MATERIAL FOR THIS TASK START

(* Let $n\ge 1$, $\alpha\in[0,n)$, and let $\phi(x)=\Phi(|x|)$ be a radial function on $\mathbb{R}^n$, where $\Phi:[0,\infty)\to[0,\infty)$ is decreasing, such that $\sup_{r>0}\phi^{\alpha}_r(e_1)<\infty$, where $e_1=(1,0,\dots,0)$. Suppose that there is a constant $C$ with $\|\mathcal{M}^{\alpha}_{\phi}\mu\|_{L^{\frac{n}{n-\alpha},\infty}(\mathbb{R}^n)}\le C\,\mu(\mathbb{R}^n)$ for all finite positive Borel measures $\mu$ on $\mathbb{R}^n$. Then for every finite positive Borel measure $V$ on $\mathbb{R}^n$ and every fixed $\rho>0$, $$\lim_{t\to0^+}\Big\|\mathcal{M}^{\alpha}_{\phi}(V_t)(\cdot)-\sup_{r>0}\phi^{\alpha}_r(\cdot)\,V(\mathbb{R}^n)\Big\|_{L^{\frac{n}{n-\alpha},\infty}(\mathbb{R}^n\setminus B(0,\rho))}=0.$$
   Context: For $r>0$, $\phi^{\alpha}_r(x)=r^{-(n-\alpha)}\phi(x/r)$. For a positive measure $\mu$, $\mathcal{M}^{\alpha}_{\phi}(\mu)(x)=\sup_{r>0}\frac{1}{r^{n-\alpha}}\int_{\mathbb{R}^n}\phi\big(\frac{x-y}{r}\big)\,d\mu(y)$. For a measure $V$ and $t>0$, the dilation $V_t$ is the measure $V_t(E)=V(E/t)$, where $E/t=\{x/t:x\in E\}$. For a measurable set $E\subset\mathbb{R}^n$ and $0<p<\infty$, $\|f\|_{L^{p,\infty}(E)}=\sup_{\lambda>0}\lambda\,|\{x\in E:|f(x)|>\lambda\}|^{1/p}$, with $|\cdot|$ Lebesgue measure; $B(0,\rho)$ is the open ball of radius $\rho$ centered at $0$. *)

theory Defs
  imports "HOL-Analysis.Analysis"
begin

definition phi_dil :: "(real \<Rightarrow> real) \<Rightarrow> real \<Rightarrow> real \<Rightarrow> 'a::euclidean_space \<Rightarrow> real" where
  "phi_dil Phi \<alpha> r x = r powr (-(real DIM('a) - \<alpha>)) * Phi (norm ((1 / r) *\<^sub>R x))"

definition frac_max :: "(real \<Rightarrow> real) \<Rightarrow> real \<Rightarrow> 'a::euclidean_space measure \<Rightarrow> 'a \<Rightarrow> ereal" where
  "frac_max Phi \<alpha> \<mu> x =
     (SUP r\<in>{0<..}. ereal (r powr (-(real DIM('a) - \<alpha>))) *
        enn2ereal (\<integral>\<^sup>+ y. ennreal (Phi (norm ((1 / r) *\<^sub>R (x - y)))) \<partial>\<mu>))"

definition dilate_measure :: "real \<Rightarrow> 'a::euclidean_space measure \<Rightarrow> 'a measure" where
  "dilate_measure t V = distr V borel (\<lambda>x. t *\<^sub>R x)"

definition leb_outer :: "'a::euclidean_space set \<Rightarrow> ennreal" where
  "leb_outer S = (INF A\<in>{A \<in> sets lebesgue. S \<subseteq> A}. emeasure lebesgue A)"

definition enn_pow :: "ennreal \<Rightarrow> real \<Rightarrow> ennreal" where
  "enn_pow m q = (if m = \<infinity> then \<infinity> else ennreal (enn2real m powr q))"

definition weak_Lp :: "real \<Rightarrow> 'a::euclidean_space set \<Rightarrow> ('a \<Rightarrow> ereal) \<Rightarrow> ennreal" where
  "weak_Lp p E f = (SUP l\<in>{0<..}. ennreal l * enn_pow (leb_outer {x\<in>E. \<bar>f x\<bar> > ereal l}) (1 / p))"

end

(* With K = sup_r phi^alpha_r(e_1), scaling gives sup_r phi^alpha_r(x) = K |x|^-(n-alpha).
   Split V into its restriction to the ball B(0,R) and the remainder W. The dilation V_t carries the
   first part into B(0,tR), so for |x| >= rho >= 2tR, since the profile is decreasing,
     K (|x|+tR)^-(n-alpha) V(B(0,R))  <=  M(V_t)(x)  <=  K (|x|-tR)^-(n-alpha) V(R^n) + M(W_t)(x).
   Hence the deviation is at most D_{t,R} |x|^-(n-alpha) + M(W_t)(x), where D_{t,R} tends to
   K W(R^n) as t -> 0. The power |x|^-(n-alpha) lies in weak L^(n/(n-alpha)), and the assumed weak
   bound for M gives C W(R^n) for the second term. Let t -> 0, then R -> infinity. *)

theory Submission
  imports Defs
begin

section \<open>Weak Lebesgue quasinorm\<close>

lemma leb_outer_le_emeasure: "A \<in> sets lebesgue \<Longrightarrow> S \<subseteq> A \<Longrightarrow> leb_outer S \<le> emeasure lebesgue A"
  unfolding leb_outer_def by (rule INF_lower) auto

lemma leb_outer_approx:
  assumes "leb_outer S < c"
  obtains A where "A \<in> sets lebesgue" "S \<subseteq> A" "emeasure lebesgue A < c"
  using assms unfolding leb_outer_def by (auto simp: INF_less_iff)

lemma leb_outer_subadditive:
  assumes "S \<subseteq> A \<union> B"
  shows "leb_outer S \<le> leb_outer A + leb_outer B"
proof (rule ennreal_le_epsilon)
  fix e :: real assume e: "0 < e"
  show "leb_outer S \<le> leb_outer A + leb_outer B + ennreal e"
  proof (cases "leb_outer A = \<infinity> \<or> leb_outer B = \<infinity>")
    case True then show ?thesis by auto
  next
    case False
    then have "leb_outer A < leb_outer A + ennreal (e/2)" "leb_outer B < leb_outer B + ennreal (e/2)"
      using e by (auto simp: ennreal_less_top less_top)
    then obtain A' B' where A': "A' \<in> sets lebesgue" "A \<subseteq> A'" "emeasure lebesgue A' < leb_outer A + ennreal (e/2)"
      and B': "B' \<in> sets lebesgue" "B \<subseteq> B'" "emeasure lebesgue B' < leb_outer B + ennreal (e/2)"
      by (metis leb_outer_approx)
    have "leb_outer S \<le> emeasure lebesgue (A' \<union> B')"
      using assms A' B' by (intro leb_outer_le_emeasure) auto
    also have "\<dots> \<le> emeasure lebesgue A' + emeasure lebesgue B'"
      using A' B' by (intro emeasure_subadditive) auto
    also have "\<dots> \<le> (leb_outer A + ennreal (e/2)) + (leb_outer B + ennreal (e/2))"
      using A' B' by (intro add_mono) auto
    also have "\<dots> = leb_outer A + leb_outer B + ennreal e"
      using e by (simp add: ac_simps flip: ennreal_plus)
    finally show ?thesis .
  qed
qed
text \<open>W_e on representatives, and on projective points (well defined when the e_i sum to 0).\<close>
definition Wvec :: "nat \<Rightarrow> (nat \<Rightarrow> int) \<Rightarrow> (nat \<Rightarrow> complex) \<Rightarrow> complex" where
  "Wvec m e z = (\<Prod>i\<le>m+1. z i powi e i)"

definition W :: "nat \<Rightarrow> (nat \<Rightarrow> int) \<Rightarrow> (nat \<Rightarrow> complex) set \<Rightarrow> complex" where
  "W m e P = (THE w. \<exists>z\<in>Pvecs m. P = proj_pt z \<and> w = Wvec m e z)"

definition Winv :: "nat \<Rightarrow> (nat \<Rightarrow> int) \<Rightarrow> complex \<Rightarrow> (nat \<Rightarrow> complex) set set" where
  "Winv m e s = {P \<in> Pspace m. W m e P = s}"

definition Fo :: "nat \<Rightarrow> (nat \<Rightarrow> int) \<Rightarrow> complex \<Rightarrow> (nat \<Rightarrow> complex) set set" where
  "Fo d a t = {P \<in> Winv d a t. \<exists>z\<in>Pvecs d. P = proj_pt z \<and> z 0 + z 1 \<noteq> 0}"

definition psi_vec :: "(nat \<Rightarrow> complex) \<Rightarrow> (nat \<Rightarrow> complex)" where
  "psi_vec z = (\<lambda>i. if i = 0 then z 0 else if i = 1 then z 1
                   else if i = 2 then - (z 0 + z 1) else 0)"

definition dirD :: "((nat \<Rightarrow> complex) \<Rightarrow> complex) \<Rightarrow> (nat \<Rightarrow> complex) \<Rightarrow> (nat \<Rightarrow> complex) \<Rightarrow> complex" where
  "dirD g z v = deriv (\<lambda>s. g (\<lambda>i. z i + s * v i)) 0"

definition tangent :: "nat \<Rightarrow> (nat \<Rightarrow> complex) \<Rightarrow> bool" where
  "tangent d v \<longleftrightarrow> (\<forall>i>d+1. v i = 0) \<and> (\<Sum>i\<le>d+1. v i) = 0"

text \<open>[z] is a critical point of Psi^t restricted to the fibre F_t: the differentials of
  Psi (in the global affine coordinate Z_1/Z_0 of P_1) and of W_a are linearly dependent on the
  tangent space of P_d at [z].\<close>
definition crit_point :: "nat \<Rightarrow> (nat \<Rightarrow> int) \<Rightarrow> (nat \<Rightarrow> complex) \<Rightarrow> bool" where
  "crit_point d a z \<longleftrightarrow>
     (\<exists>l m. (l, m) \<noteq> (0, 0) \<and>
        (\<forall>v. tangent d v \<longrightarrow>
           l * dirD (\<lambda>w. w 1 / w 0) z v + m * dirD (Wvec d a) z v = 0))"

definition crit_values :: "nat \<Rightarrow> (nat \<Rightarrow> int) \<Rightarrow> complex \<Rightarrow> (nat \<Rightarrow> complex) set set" where
  "crit_values d a t = {proj_pt (psi_vec z) | z. z \<in> Pvecs d \<and> proj_pt z \<in> Fo d a t \<and> crit_point d a z}"

definition bvec :: "(nat \<Rightarrow> int) \<Rightarrow> nat \<Rightarrow> int" where
  "bvec a i = (if i = 0 then a 0 + a 1 else a (i + 1))"

definition cvec :: "(nat \<Rightarrow> int) \<Rightarrow> nat \<Rightarrow> int" where
  "cvec a i = (if i = 0 then a 0 else if i = 1 then a 1 else if i = 2 then - a 0 - a 1 else 0)"

definition qb :: "nat \<Rightarrow> (nat \<Rightarrow> int) \<Rightarrow> complex" where
  "qb d b = (\<Prod>i\<le>d. (of_int (b i) :: complex) powi b i)"

end

theory Submission
  imports Defs
begin
lemma inverse_gap_le_secant_slope:
  fixes L :: "real^'n^'n" and f g :: "real \<Rightarrow> real"
  assumes d: "d > 0" and lower: "loewner_le (d *\<^sub>R mat 1) (L ** transpose L)"
    and convex: "convex_on {0..specnorm (L ** transpose L)} f" and f0: "f 0 = 1"
    and g: "\<And>x. d \<le> x \<Longrightarrow> x \<le> specnorm (L ** transpose L) \<Longrightarrow> f x > 0 \<and> g x = 1 / f x"
  shows "loewner_le (matrix_inv (L ** transpose L) - matrix_inv (L ** mfun g (transpose L ** L) ** transpose L))
           (((1 - f d) / d) *\<^sub>R mat 1)"
proof -
  have "transpose (transpose L ** L) = transpose L ** L"
    by (simp add: matrix_transpose_mul)
  then obtain U mu where U: "orthogonal_matrix U"
    and gram: "transpose L ** L = U ** diag_mat mu ** transpose U"
    by (rule symmetric_matrix_diagonalizable)
  have mu: "d \<le> mu i" "mu i \<le> specnorm (L ** transpose L)" for i
    using gram_eigenvalue_bounds[OF d lower, where e = "column i U" and mu = "mu i"] gram
      orthogonal_diag_column_eigenvector[OF U] orthogonal_column_nonzero[OF U] by simp_all
  have secant: "1 - f (mu i) \<le> (1 - f d) / d * mu i" for i
    using convex_on_secant_from_0[of "mu i" f d] convex_on_subset[OF convex] mu[of i] d f0 by simp
  have "0 \<le> (1 - f d) / d * mu i - 1 + 1 / g (mu i)" "g (mu i) \<noteq> 0" for i
    using secant[of i] g[OF mu(1)[of i] mu(2)[of i]] by simp_all
  from inverse_gap_le_diag[OF invertible_if_loewner_ge_scalar[OF d lower] U gram this(2,1)]
  show ?thesis
    by (simp add: gram mfun_orthogonal_diag[OF U])
qed

lemma inverse_gap_le_powr:
  fixes L :: "real^'n^'n"
  assumes d: "d > 0" and lower: "loewner_le (d *\<^sub>R mat 1) (L ** transpose L)"
    and p: "1 \<le> p" and a: "0 \<le> a" "a * specnorm (L ** transpose L) < 1"
  shows "loewner_le (matrix_inv (L ** transpose L)
      - matrix_inv (L ** mfun (\<lambda>x. x powr (- p)) (mat 1 - a *\<^sub>R (transpose L ** L)) ** transpose L))
      (((1 - (1 - a * d) powr p) / d) *\<^sub>R mat 1)"
proof -
  define s where "s = specnorm (L ** transpose L)"
  define f where "f x = (1 + (- a) * x) powr p" for x
  have pos: "0 < 1 + (- a) * x" if "x \<in> {0..s}" for x
  proof -
    have "a * x \<le> a * s"
      using that a(1) by (intro mult_left_mono) auto
    with a(2) show ?thesis
      by (simp add: s_def)
  qed
  have "mfun (\<lambda>x. x powr (- p)) (mat 1 - a *\<^sub>R (transpose L ** L))
      = mfun (\<lambda>x. (1 + (- a) * x) powr (- p)) (transpose L ** L)"
    using mfun_affine[of "transpose L ** L" "\<lambda>x. x powr (- p)" 1 "- a"]
    by (simp add: matrix_transpose_mul)
  moreover have "convex_on {0..s} f"
    unfolding f_def using pos by (intro convex_on_affine_compose[OF powr_convex[OF p]]) auto
  moreover have "f x > 0 \<and> (1 + (- a) * x) powr (- p) = 1 / f x" if "x \<in> {0..s}" for x
    using pos[OF that] by (simp add: f_def powr_minus_divide)
  ultimately show ?thesis
    using inverse_gap_le_secant_slope[OF d lower, of f] d by (simp add: f_def s_def)
qed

MATERIAL FOR THIS TASK END

## EXERCISE INSTRUCTIONS
Restate word for word each line of the data from the one with "(((1 - (1 - a * d) powr" to the last, keeping both ends.

## TASK ANSWER
      (((1 - (1 - a * d) powr p) / d) *\<^sub>R mat 1)"
proof -
  define s where "s = specnorm (L ** transpose L)"
  define f where "f x = (1 + (- a) * x) powr p" for x
  have pos: "0 < 1 + (- a) * x" if "x \<in> {0..s}" for x
  proof -
    have "a * x \<le> a * s"
      using that a(1) by (intro mult_left_mono) auto
    with a(2) show ?thesis
      by (simp add: s_def)
  qed
  have "mfun (\<lambda>x. x powr (- p)) (mat 1 - a *\<^sub>R (transpose L ** L))
      = mfun (\<lambda>x. (1 + (- a) * x) powr (- p)) (transpose L ** L)"
    using mfun_affine[of "transpose L ** L" "\<lambda>x. x powr (- p)" 1 "- a"]
    by (simp add: matrix_transpose_mul)
  moreover have "convex_on {0..s} f"
    unfolding f_def using pos by (intro convex_on_affine_compose[OF powr_convex[OF p]]) auto
  moreover have "f x > 0 \<and> (1 + (- a) * x) powr (- p) = 1 / f x" if "x \<in> {0..s}" for x
    using pos[OF that] by (simp add: f_def powr_minus_divide)
  ultimately show ?thesis
    using inverse_gap_le_secant_slope[OF d lower, of f] d by (simp add: f_def s_def)
qed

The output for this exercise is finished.